Antes mesmo de seus 28 dias se encerrarem, fevereiro de 2026 já se consolidou como o mês mais chuvoso da história de Campo Grande desde o início do monitoramento do Instituto Nacional de Meteorologia (Inmet).
Na madrugada desta quarta-feira (25), o acumulado de chuvas na Capital atingiu 264,8 milímetros, superando a marca anterior de 251,4 mm registrada em fevereiro de 2019. O volume esperado para todo o mês era de 180 milímetros, patamar já alcançado no último dia 19.
Série histórica
O segundo lugar no ranking dos fevereiros mais chuvosos agora pertence a 2019, seguido por 2023, quando o acumulado foi de 249,4 mm. Os volumes registrados no mês desde 2017 mostram a variabilidade das precipitações:
- 2017: 91 mm
- 2018: 206 mm
- 2019: 251,4 mm
- 2020: 227,2 mm
- 2021: 116,2 mm
- 2022: 73,2 mm
- 2023: 242,2 mm
- 2024: 104,6 mm
- 2025: 116 mm
- 2026: 264,8 mm (até o momento)
O recorde atual também se destaca no contexto da última década, ocupando a quarta posição entre os maiores acumulados mensais, atrás apenas de janeiro de 2021 (383,6 mm), janeiro de 2023 (328,6 mm) e dezembro de 2017 (273,8 mm).

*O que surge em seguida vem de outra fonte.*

(* Let $p,q\ge1$, let $\mu$ and $\nu$ be the uniform probability measures on the unit spheres $\mathcal{S}^{p-1}\subset\mathbb{R}^p$ and $\mathcal{S}^{q-1}\subset\mathbb{R}^q$. For random vectors $X\in\mathbb{R}^p$ and $Y\in\mathbb{R}^q$, $$\mathcal{V}^2(X,Y)=C_pC_q\int_{\mathcal{S}^{p-1}\times\mathcal{S}^{q-1}}\mathcal{V}^2(u^tX,v^tY)\,d\mu(u)\,d\nu(v).$$ Moreover, for a sample $(X_1,Y_1),\ldots,(X_n,Y_n)$, $$\mathcal{V}_n^2(X,Y)=C_pC_q\int_{\mathcal{S}^{p-1}\times\mathcal{S}^{q-1}}\mathcal{V}_n^2(u^tX,v^tY)\,d\mu(u)\,d\nu(v).$$
   Context: $|\cdot|$ is the Euclidean norm; $c_p=\frac{\pi^{(p+1)/2}}{\Gamma((p+1)/2)}$ and $C_p=\frac{c_1c_{p-1}}{c_p}=\frac{\sqrt{\pi}\,\Gamma((p+1)/2)}{\Gamma(p/2)}$ (similarly for $q$). The distance covariance is $\mathcal{V}^2(X,Y)=\int_{\mathbb{R}^{p+q}}\frac{|\phi_{X,Y}(t,s)-\phi_X(t)\phi_Y(s)|^2}{c_pc_q|t|^{p+1}|s|^{q+1}}dt\,ds$, where $\phi$ denote characteristic functions. The sample version $\mathcal{V}_n^2(X,Y)$ is the same integral with $\phi_X,\phi_Y,\phi_{X,Y}$ replaced by the empirical characteristic functions $\hat\phi_X(t)=\frac1n\sum_j e^{iX_j^tt}$, $\hat\phi_Y(s)=\frac1n\sum_j e^{iY_j^ts}$, $\hat\phi_{X,Y}(t,s)=\frac1n\sum_j e^{iX_j^tt+iY_j^ts}$. For the projections, $u^tX$ denotes the univariate random variable (resp. sample $(u^tX_1,\ldots,u^tX_n)$), and the distance covariances of univariate variables use $p=q=1$. *)

theory Defs
  imports "HOL-Probability.Probability"
begin

definition c_const :: "nat \<Rightarrow> real" where
  "c_const p = pi powr ((real p + 1) / 2) / Gamma ((real p + 1) / 2)"

definition C_const :: "nat \<Rightarrow> real" where
  "C_const p = sqrt pi * Gamma ((real p + 1) / 2) / Gamma (real p / 2)"

definition dcov_integral ::
  "('p::euclidean_space \<Rightarrow> 'q::euclidean_space \<Rightarrow> complex) \<Rightarrow> ('p \<Rightarrow> complex) \<Rightarrow> ('q \<Rightarrow> complex) \<Rightarrow> ennreal" where
  "dcov_integral phiXY phiX phiY =
     (\<integral>\<^sup>+ ts. ennreal ((cmod (phiXY (fst ts) (snd ts) - phiX (fst ts) * phiY (snd ts)))\<^sup>2
        / (c_const DIM('p) * c_const DIM('q) * norm (fst ts) ^ (DIM('p) + 1)
           * norm (snd ts) ^ (DIM('q) + 1))) \<partial>(lborel :: ('p \<times> 'q) measure))"

definition char_fun :: "'a measure \<Rightarrow> ('a \<Rightarrow> 'p::euclidean_space) \<Rightarrow> 'p \<Rightarrow> complex" where
  "char_fun M X t = (\<integral>\<omega>. cis (t \<bullet> X \<omega>) \<partial>M)"

definition joint_char_fun ::
  "'a measure \<Rightarrow> ('a \<Rightarrow> 'p::euclidean_space) \<Rightarrow> ('a \<Rightarrow> 'q::euclidean_space) \<Rightarrow> 'p \<Rightarrow> 'q \<Rightarrow> complex" where
  "joint_char_fun M X Y t s = (\<integral>\<omega>. cis (t \<bullet> X \<omega> + s \<bullet> Y \<omega>) \<partial>M)"

definition dcov :: "'a measure \<Rightarrow> ('a \<Rightarrow> 'p::euclidean_space) \<Rightarrow> ('a \<Rightarrow> 'q::euclidean_space) \<Rightarrow> ennreal" where
  "dcov M X Y = dcov_integral (joint_char_fun M X Y) (char_fun M X) (char_fun M Y)"

definition emp_char_fun :: "nat \<Rightarrow> (nat \<Rightarrow> 'p::euclidean_space) \<Rightarrow> 'p \<Rightarrow> complex" where
  "emp_char_fun n Xs t = (\<Sum>j<n. cis (t \<bullet> Xs j)) / of_nat n"

definition emp_joint_char_fun ::
  "nat \<Rightarrow> (nat \<Rightarrow> 'p::euclidean_space) \<Rightarrow> (nat \<Rightarrow> 'q::euclidean_space) \<Rightarrow> 'p \<Rightarrow> 'q \<Rightarrow> complex" where
  "emp_joint_char_fun n Xs Ys t s = (\<Sum>j<n. cis (t \<bullet> Xs j + s \<bullet> Ys j)) / of_nat n"

definition dcov_n :: "nat \<Rightarrow> (nat \<Rightarrow> 'p::euclidean_space) \<Rightarrow> (nat \<Rightarrow> 'q::euclidean_space) \<Rightarrow> ennreal" where
  "dcov_n n Xs Ys = dcov_integral (emp_joint_char_fun n Xs Ys) (emp_char_fun n Xs) (emp_char_fun n Ys)"

text \<open>Uniform probability measure on the unit sphere S^{p-1} (normalised surface measure),
  realised as the cone measure: the image of the uniform distribution on the unit ball
  under radial projection x \<mapsto> x / |x|.\<close>
definition sphere_unif :: "'p::euclidean_space measure" where
  "sphere_unif = distr (uniform_measure lborel (ball 0 1)) borel (\<lambda>x. x /\<^sub>R norm x)"

end

theory Submission
  imports Defs
begin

Estragos se multiplicam pela cidade
O volume expressivo de chuvas tem causado transtornos recorrentes à população campo-grandense. Além do já conhecido problema da buraqueira, enchentes e alagamentos tornaram-se cada vez mais frequentes. Bastam poucos minutos de precipitação para que diversos bairros sejam tomados por enxurradas, deixando lama e sujeira pelo caminho.
Diversas regiões já registraram alagamentos neste mês, incluindo a Avenida Gunter Hans, Avenida Costa e Silva, e os bairros Portal Caiobá 2, Seminário, Nasser, Coophasul, Coophatrabalho, Santo Amaro, Zé Pereira e Jardim Centro Oeste.
A Secretaria Municipal de Infraestrutura informou que já realizou o tapa-buraco em aproximadamente 60 mil pontos da cidade como parte de uma força-tarefa para mitigar os danos.
Prefeita admite limitações
Em coletiva de imprensa na última terça-feira (24), a prefeita Adriane Lopes (PP) reconheceu as dificuldades para enfrentar os estragos causados pelas tempestades e pediu compreensão da população.
“Não conseguimos, neste exato momento, fazer cascalhamento nem arrumar as estradas e vias que não estão pavimentadas porque o solo está encharcado. Dificilmente as equipes conseguirão trabalhar neste momento. Atola, está tudo encharcado. Agora temos que esperar esse período de chuvas passar e recuperar os danos”, afirmou.
A chefe do Executivo municipal também observou que as chuvas têm provocado alagamentos em trechos antes não afetados. “São situações novas que vão surgindo porque a cidade vai impermeabilizando e a gente vai vivenciando novos tempos.”
Como solução de médio prazo, Adriane citou a implementação de novas bacias de contenção, já previstas no planejamento municipal e em fase de execução. Enquanto isso, a Secretaria de Obras afirma que tem atendido aos chamados da população para corte de árvores, limpeza, remoção de entulho e desobstrução de bocas de lobo.
Previsão indica trégua, mas com ressalvas
Mato Grosso do Sul permanece em estado de alerta para chuvas intensas até sexta-feira (27), conforme já noticiado pelo Correio do Estado. A previsão indica volumes que podem chegar a 50 milímetros por dia, acompanhados de rajadas de vento e tempestades pontuais.
Entre quinta (26) e sexta (27), espera-se um tempo mais firme, com sol e variação de nebulosidade, embora pancadas de chuva e tempestades localizadas não estejam descartadas.
A formação de um novo ciclone extratropical no oceano Atlântico Sul entre quarta (25) e quinta (26) deve impulsionar um sistema de alta pressão atmosférica pós-frontal, contribuindo para um tempo mais seco e temperaturas mais amenas no início do dia, podendo chegar a 18ºC, especialmente nas regiões mais ao sul do Estado.
Nas regiões Pantaneira e Sudoeste, as máximas voltam a subir, alcançando 34ºC, enquanto no Bolsão, Norte e Leste, os termômetros podem marcar até 33ºC. Em Campo Grande, as mínimas variam entre 19ºC e 21ºC, com máximas entre 29ºC e 31ºC.